В течение нескольких минут все, находившиеся в комнате, молча наблюдали за матерью и ребёнком, собравшись вокруг постели. Но тут Доктор, до этого стоявший в стороне и смотревший в окно, внезапно подошёл к ним и заявил, что всем давно бы пора покинуть комнату. "Здесь и так уже слишком много людей, – нетерпеливо воскликнул он. – Вы все должны сейчас же уйти! До свидания!" И они повиновались, оставив мать наедине с Малышкой, крепко спящей в своём "гнёздышке".
"Как мы её назовём?" – спросил отец ребёнка, сидя тем же вечером в глубоком кресле у постели жены.
"Ирина, – кротко ответила та. – Мы назовем её Ириной в честь её двоюродной бабушки. Это красивое имя, и моя маленькая тётушка – замечательная женщина. Мы попросим её стать крёстной матерью, если ты не против".
"Ну, конечно, конечно!" – охотно согласился отец, потому что ему было не так важно, как назвать Малышку, лишь бы она получила христианское имя и хорошую небесную покровительницу. И, таким образом, было решено, что девочку будут звать Ириной, что в переводе с греческого означает Мир.
Крещение
В
Внушительного вида дьякон и отец Разумовский – трясущийся древний священник, давным-давно дававший уроки религии ещё матери Малышки, – были оба облачены в церковные ризы из жёсткой золотой парчи, а справа от них располагался хор из четырёх юношей в синих стихарях, обшитых широкой золотой тесьмой. Позади священнослужителей бок о бок стояли крёстные Малышки: её двоюродная бабушка княгиня Ирина – небольшого росточка, изящная, близорукая, со смешным и просто-душным мелким лицом – и кузен её матери дядя Николай. А прямо за ними толпилась паства, состоявшая из членов семьи, Доктора, фройляйн Шелл, профессора Максимовича – домашнего преподавателя, а также других учителей, гостей и слуг. Приглушённый гул голосов заполнял комнату.
"Гм! – откашлялся дьякон, прочищая своё мощное горло. – Гм!" И, повернувшись к отцу Разумовскому, пророкотал похожим на отдалённый гром басом: "Ваше преподобие, пробил час начала службы. Где же новорождённое дитя? Разве не пора нам уже услышать шум его приближения?"

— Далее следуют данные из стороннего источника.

(* The family (iii).  Here p0 = -x^2 p1, so that g = -p1 (q2 x^4 + q1 x^2 + q0)
   and f are the explicit functions of family_urabe_ode. *)
lemma family_isochronous_zero_urabe:
  fixes a b K :: real and V :: "real \<times> real \<Rightarrow> real \<times> real"
  assumes K: "K = a^2 - 3/2*a*b + 1/2*b^2"
    and V: "\<And>x y. V (x, y) =
      (- y + a*x*y + K*x^2*y + x^2 - a*x^3 - K*x^4,
       x + b*y^2 - 2*x*y + (a - b)/2*x^2 + 2*K*x*y^2 + 2*(a - b)*x^2*y + 2*x^3 - 2*K*x^3*y + (b - 2*a)*x^4)"
  shows "isochronous_center V \<and> zero_urabe_system V"
proof -
  define p0 :: "real poly" where "p0 = [:0, 0, 1, -a, -K:]"
  define p1 :: "real poly" where "p1 = [:-1, a, K:]"
  define q0 :: "real poly" where "q0 = [:0, 1, (a - b)/2, 2, b - 2*a:]"
  define q1 :: "real poly" where "q1 = [:0, -2, 2*(a - b), -2*K:]"
  define q2 :: "real poly" where "q2 = [:b, 2*K:]"
  have V_poly: "V = (\<lambda>(x, y). (poly p0 x + poly p1 x * y, poly q0 x + poly q1 x * y + poly q2 x * y\<^sup>2))"
    by (auto simp: fun_eq_iff V p0_def p1_def q0_def q1_def q2_def algebra_simps
        power2_eq_square power3_eq_cube power4_eq_xxxx)
  have p1: "poly p1 x = - (1 - a*x - K*x^2)" for x
    by (simp add: p1_def algebra_simps power2_eq_square)
  have p0: "poly p0 x = - (x^2) * poly p1 x" for x
    by (simp add: p0_def p1_def algebra_simps power2_eq_square power3_eq_cube power4_eq_xxxx)
  have g: "urabe_g p0 p1 q0 q1 q2 = (\<lambda>x. (1 - a*x - K*x^2) * (x + (a - b)/2 * x^2))"
  proof
    fix x
    have "urabe_g p0 p1 q0 q1 q2 x = - poly p1 x * (poly q2 x * x^4 + poly q1 x * x^2 + poly q0 x)"
      using p0[of x] by (cases "poly p1 x = 0")
        (auto simp: urabe_g_def field_simps power2_eq_square power4_eq_xxxx)
    also have "\<dots> = (1 - a*x - K*x^2) * (x + (a - b)/2 * x^2)"
      unfolding p1 by (simp add: q0_def q1_def q2_def field_simps power2_eq_square power3_eq_cube
          power4_eq_xxxx)
    finally show "urabe_g p0 p1 q0 q1 q2 x = (1 - a*x - K*x^2) * (x + (a - b)/2 * x^2)" .
  qed
  have f: "urabe_f p1 q2 x = (a + b + 4*K*x) / (1 - a*x - K*x^2)" for x
  proof -
    have num: "poly q2 x + poly (pderiv p1) x = a + b + 4*K*x"
      by (simp add: q2_def p1_def pderiv_pCons algebra_simps)
    show ?thesis unfolding urabe_f_def p1 by (simp only: num minus_divide_divide)
  qed
  show ?thesis unfolding V_poly
  proof (rule zero_urabe_criterion)
    show "poly p0 0 = 0" "poly q0 0 = 0" "poly p1 0 \<noteq> 0" by (simp_all add: p0_def q0_def p1_def)
    fix x assume nz: "poly p1 x \<noteq> 0"
    show "urabe_identity p0 p1 q1 q2 x = 0"
      using nz unfolding urabe_identity_def
      by (simp add: p0_def p1_def q1_def q2_def field_simps pderiv_pCons)
    show "(urabe_g p0 p1 q0 q1 q2 has_real_derivative
        1 - urabe_g p0 p1 q0 q1 q2 x * urabe_f p1 q2 x) (at x)"
      unfolding g f using family_urabe_ode[OF K] nz p1 by simp
  qed
qed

Священник мягко улыбнулся и, подняв усталые старые глаза – а был он очень, очень стар, – пробормотал: "Терпение, отец дьякон, терпение. Небольшая заминка вполне понятна и даже простительна, принимая во внимание всё, что может случиться с крохой такого нежного возраста. Даже при соблюдении крайней осторожности, отец дьякон, нельзя предвидеть некоторые события и избежать опозданий. Давайте будем снисходительны и, набравшись терпения, подождем ещё немного".
И дьякон, испустив могучий вздох, услышанный всеми в комнате, кивнул своей огромной головой и сложил руки на животе, застыв в позе полной покорности, но тем не менее крутя время от времени большими пальцами.
"Когда же всё начнётся? – прошептал дядя Николай двоюродной бабушке Ирине, покусывая кончики своих заострённых усов и переминаясь с ноги на ногу. – Это становится довольно утомительным. Хотя Нане лучше знать …"
Двоюродная бабушка Ирина прищурила близорукие глаза и рассмеялась. "Да, это и правда утомительно", – согласилась она, расправляя складки серого атласного платья и нащупывая лорнет, без которого в реальности мало что видела.
"Малышка пропала, и крестин не будет", – прошипела Ольга на ухо Мики, толкнув его и ткнув под рёбра, и тот, страдая и радуясь одновременно, взвизгнул: "Не щекочи меня", – да так громко, что фройляйн Шелл тут же призвала его к порядку, сказав, что если он не знает, как следует вести себя на крестинах своей дорогой младшей сестры, то ему придётся немедленно покинуть комнату.
"И тебе тоже", – добавила она, сделав круглые глаза Ольге, увлечённо рассматривавшей кончики своих новеньких блестящих туфель и выглядевшей воплощением невинности.